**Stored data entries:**
▼

(* Fix a level $1\le l\le L$, a threshold $\eta>0$ and $\alpha\in\{1,2,3\}$. For each $1\le i\le P_l$: - assume $\ker\overline a_{l,i}\cap\ker\overline b^\alpha_{l,i}=\{0\}$; - let $(\lambda_{i,k},p_{i,k})_{k=1}^{n_i}$ be eigenpairs of $(\overline a_{l,i},\overline b^\alpha_{l,i})$ on $\overline V_{h,l,i}$ ($n_i=\dim\overline V_{h,l,i}$), normalized and ordered as described below; - let $m_i=\#\{k:\lambda_{i,k}<\eta\}$ and $\Pi_iw=\sum_{k=1}^{m_i}\overline b^\alpha_{l,i}(w,p_{i,k})\,p_{i,k}$. Assume $V_{h,l-1}\supseteq\operatorname{span}\{e_{l,i}\chi_{l,i}p_{i,k}:1\le i\le P_l,\ k\le m_i\}$. For $v_l\in V_{h,l}$ define $$v_{l,i}=e_{l,i}\chi_{l,i}(I-\Pi_i)r_{l,i}v_l,\qquad v_{l-1}=\sum_{i=1}^{P_l}e_{l,i}\chi_{l,i}\Pi_ir_{l,i}v_l.$$ Then: - $v_l=v_{l-1}+\sum_i v_{l,i}$, with $v_{l-1}\in V_{h,l-1}$ and $v_{l,i}\in V_{h,l,i}$; - for all $i$, $\|v_{l,i}\|_{a_h}^2\le C_1^\alpha\,\overline a_{l,i}(r_{l,i}v_l,r_{l,i}v_l)$, where $$C_1^1=\eta^{-1},\qquad C_1^2=1+\eta^{-1},\qquad C_1^3=2(1+\eta^{-1}).$$
   Context: Let $\Omega\subset\mathbb R^d$ ($d=2,3$) be a bounded polyhedral domain and $\Gamma_D\subseteq\partial\Omega$. Let $\mathcal T_h$ be a conforming shape-regular mesh of $\Omega$ of open elements. Let $K$ be a symmetric, uniformly positive definite and bounded coefficient. Let $V_h\subset H^1(\Omega)$ be a conforming finite element space on $\mathcal T_h$ with zero trace on $\Gamma_D$. Set $a_\tau(u,v)=\int_\tau(K\nabla u)\cdot\nabla v\,dx$ and $a_h=\sum_{\tau\in\mathcal T_h}a_\tau$ (positive definite on $V_h$), with $\|v\|_{a_h}=\sqrt{a_h(v,v)}$. Decomposition on level $l$: sets $\mathcal T_{h,l,i}\subseteq\mathcal T_h$, $i=1,\dots,P_l$, covering $\mathcal T_h$; $\Omega_{l,i}$ is the interior of $\bigcup_{\tau\in\mathcal T_{h,l,i}}\overline\tau$. Let $V_{h,l-1}\subseteq V_{h,l}\subseteq V_h$ be subspaces. Further: - $\overline V_{h,l,i}=\{v|_{\Omega_{l,i}}:v\in V_{h,l}\}$ and $r_{l,i}v=v|_{\Omega_{l,i}}$; - $V_{h,l,i}=\{v\in V_{h,l}:\operatorname{supp}v\subseteq\overline{\Omega_{l,i}}\}$; - $e_{l,i}$ is extension by zero outside $\Omega_{l,i}$; - $\overline a_{l,i}(u,v)=\sum_{\tau\in\mathcal T_{h,l,i}}a_\tau(u,v)$; - $\mathring{\mathcal T}_{h,l,i}=\{\tau\in\mathcal T_{h,l,i}:\tau\in\mathcal T_{h,l,j}\text{ for some }j\ne i\}$ and $\mathring a_{l,i}(u,v)=\sum_{\tau\in\mathring{\mathcal T}_{h,l,i}}a_\tau(u,v)$. Partition of unity: linear maps $\chi_{l,i}:\overline V_{h,l,i}\to\overline V_{h,l,i}$ such that: - $e_{l,i}\chi_{l,i}w\in V_{h,l,i}$ for all $w\in\overline V_{h,l,i}$ (in particular $\chi_{l,i}w$ vanishes on $\partial\Omega_{l,i}\cap\Omega$); - $\sum_{i=1}^{P_l}e_{l,i}\chi_{l,i}r_{l,i}v=v$ for all $v\in V_{h,l}$; - $(\chi_{l,i}w)|_\tau=w|_\tau$ for every $\tau\in\mathcal T_{h,l,i}\setminus\mathring{\mathcal T}_{h,l,i}$. Right-hand side forms on $\overline V_{h,l,i}$: - $\overline b^1_{l,i}(u,v)=\overline a_{l,i}(\chi_{l,i}u,\chi_{l,i}v)$; - $\overline b^2_{l,i}(u,v)=\mathring a_{l,i}(\chi_{l,i}u,\chi_{l,i}v)$; - $\overline b^3_{l,i}(u,v)=\overline a_{l,i}(u-\chi_{l,i}u,v-\chi_{l,i}v)$. Eigenpairs: $(\lambda,p)$ with $p\ne0$ is an eigenpair of $(a,b)$ if either $p\notin\ker b$ and $a(p,v)=\lambda b(p,v)$ for all $v$, or $p\in\ker b$ and $\lambda=+\infty$. Normalization and ordering: eigenvalues are ordered nondecreasingly; the eigenvectors form a pairwise $\overline a_{l,i}$-orthogonal basis; those with finite eigenvalue are $\overline b^\alpha_{l,i}$-orthonormal; those with eigenvalue $+\infty$ lie in $\ker\overline b^\alpha_{l,i}$. *)

theory Defs
  imports "HOL-Analysis.Analysis" "HOL-Library.Function_Algebras"
begin

definition fscale :: "real \<Rightarrow> ('a \<Rightarrow> real) \<Rightarrow> ('a \<Rightarrow> real)" where
  "fscale c f = (\<lambda>x. c * f x)"

abbreviation fsubspace :: "('a \<Rightarrow> real) set \<Rightarrow> bool" where
  "fsubspace \<equiv> module.subspace fscale"

abbreviation fspan :: "('a \<Rightarrow> real) set \<Rightarrow> ('a \<Rightarrow> real) set" where
  "fspan \<equiv> module.span fscale"

abbreviation fdependent :: "('a \<Rightarrow> real) set \<Rightarrow> bool" where
  "fdependent \<equiv> module.dependent fscale"

abbreviation fdim :: "('a \<Rightarrow> real) set \<Rightarrow> nat" where
  "fdim \<equiv> vector_space.dim fscale"

definition linear_on_set :: "('a \<Rightarrow> real) set \<Rightarrow> (('a \<Rightarrow> real) \<Rightarrow> ('a \<Rightarrow> real)) \<Rightarrow> bool" where
  "linear_on_set S f \<longleftrightarrow> (\<forall>u\<in>S. \<forall>w\<in>S. f (u + w) = f u + f w) \<and>
                          (\<forall>c. \<forall>u\<in>S. f (fscale c u) = fscale c (f u))"

definition conforming_mesh :: "(real^'d) set set \<Rightarrow> (real^'d) set \<Rightarrow> bool" where
  "conforming_mesh Th \<Omega> \<longleftrightarrow> finite Th \<and> Th \<noteq> {} \<and>
     (\<forall>\<tau>\<in>Th. open \<tau> \<and> \<tau> \<noteq> {} \<and> polytope (closure \<tau>) \<and> \<tau> = interior (closure \<tau>)) \<and>
     (\<forall>\<tau>\<in>Th. \<forall>\<tau>'\<in>Th. \<tau> \<noteq> \<tau>' \<longrightarrow> \<tau> \<inter> \<tau>' = {} \<and>
         (closure \<tau> \<inter> closure \<tau>') face_of closure \<tau> \<and>
         (closure \<tau> \<inter> closure \<tau>') face_of closure \<tau>') \<and>
     \<Omega> = interior (\<Union>\<tau>\<in>Th. closure \<tau>) \<and> connected \<Omega>"

definition admissible_coeff :: "(real^'d \<Rightarrow> real^'d^'d) \<Rightarrow> (real^'d) set \<Rightarrow> bool" where
  "admissible_coeff K \<Omega> \<longleftrightarrow>
     (\<forall>x\<in>\<Omega>. transpose (K x) = K x) \<and>
     (\<exists>c>0. \<forall>x\<in>\<Omega>. \<forall>\<xi>. c * (norm \<xi>)\<^sup>2 \<le> \<xi> \<bullet> (K x *v \<xi>)) \<and>
     (\<exists>C. \<forall>x\<in>\<Omega>. \<forall>\<xi>. norm (K x *v \<xi>) \<le> C * norm \<xi>)"

definition grad :: "(real^'d \<Rightarrow> real) \<Rightarrow> real^'d \<Rightarrow> real^'d" where
  "grad f x = (SOME g. (f has_derivative (\<lambda>h. g \<bullet> h)) (at x))"

definition a_elem :: "(real^'d \<Rightarrow> real^'d^'d) \<Rightarrow> (real^'d) set \<Rightarrow>
     (real^'d \<Rightarrow> real) \<Rightarrow> (real^'d \<Rightarrow> real) \<Rightarrow> real" where
  "a_elem K \<tau> u v = integral \<tau> (\<lambda>x. (K x *v grad u x) \<bullet> grad v x)"

text \<open>Sum of element forms over a set of elements (a_h for Th, bar a_{l,i} for T_{h,l,i},
  ring a_{l,i} for the overlap elements).\<close>
definition a_sum :: "(real^'d \<Rightarrow> real^'d^'d) \<Rightarrow> (real^'d) set set \<Rightarrow>
     (real^'d \<Rightarrow> real) \<Rightarrow> (real^'d \<Rightarrow> real) \<Rightarrow> real" where
  "a_sum K Ts u v = (\<Sum>\<tau>\<in>Ts. a_elem K \<tau> u v)"

text \<open>Representation convention: a function on Omega is stored by its values on the
  open elements (and 0 elsewhere); H^1-conformity of the piecewise smooth
  functions is expressed by a continuous extension to the closure of Omega,
  whose trace vanishes on Gamma_D.\<close>
definition fe_space :: "(real^'d) set set \<Rightarrow> (real^'d) set \<Rightarrow> (real^'d) set \<Rightarrow>
     (real^'d \<Rightarrow> real^'d^'d) \<Rightarrow> (real^'d \<Rightarrow> real) set \<Rightarrow> bool" where
  "fe_space Th \<Omega> \<Gamma>D K V \<longleftrightarrow>
     fsubspace V \<and> (\<exists>B. finite B \<and> fspan B = V) \<and>
     (\<forall>v\<in>V. (\<forall>x. x \<notin> \<Union>Th \<longrightarrow> v x = 0) \<and>
            (\<exists>g. continuous_on (closure \<Omega>) g \<and> (\<forall>x\<in>\<Union>Th. g x = v x) \<and> (\<forall>x\<in>\<Gamma>D. g x = 0)) \<and>
            (\<forall>\<tau>\<in>Th. \<forall>x\<in>\<tau>. v differentiable (at x))) \<and>
     (\<forall>u\<in>V. \<forall>v\<in>V. \<forall>\<tau>\<in>Th. (\<lambda>x. (K x *v grad u x) \<bullet> grad v x) integrable_on \<tau>)"

definition subdom :: "(real^'d) set set \<Rightarrow> (real^'d) set" where
  "subdom Ts = interior (\<Union>\<tau>\<in>Ts. closure \<tau>)"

▲

I'd like the lines above from the one with "(\<forall>x\<in>\<Omega>. transpose (K" up to and including the one with "the overlap elements).\<close>" copied exactly, with no other lines.

     (\<forall>x\<in>\<Omega>. transpose (K x) = K x) \<and>
     (\<exists>c>0. \<forall>x\<in>\<Omega>. \<forall>\<xi>. c * (norm \<xi>)\<^sup>2 \<le> \<xi> \<bullet> (K x *v \<xi>)) \<and>
     (\<exists>C. \<forall>x\<in>\<Omega>. \<forall>\<xi>. norm (K x *v \<xi>) \<le> C * norm \<xi>)"

definition grad :: "(real^'d \<Rightarrow> real) \<Rightarrow> real^'d \<Rightarrow> real^'d" where
  "grad f x = (SOME g. (f has_derivative (\<lambda>h. g \<bullet> h)) (at x))"

definition a_elem :: "(real^'d \<Rightarrow> real^'d^'d) \<Rightarrow> (real^'d) set \<Rightarrow>
     (real^'d \<Rightarrow> real) \<Rightarrow> (real^'d \<Rightarrow> real) \<Rightarrow> real" where
  "a_elem K \<tau> u v = integral \<tau> (\<lambda>x. (K x *v grad u x) \<bullet> grad v x)"

text \<open>Sum of element forms over a set of elements (a_h for Th, bar a_{l,i} for T_{h,l,i},
  ring a_{l,i} for the overlap elements).\<close>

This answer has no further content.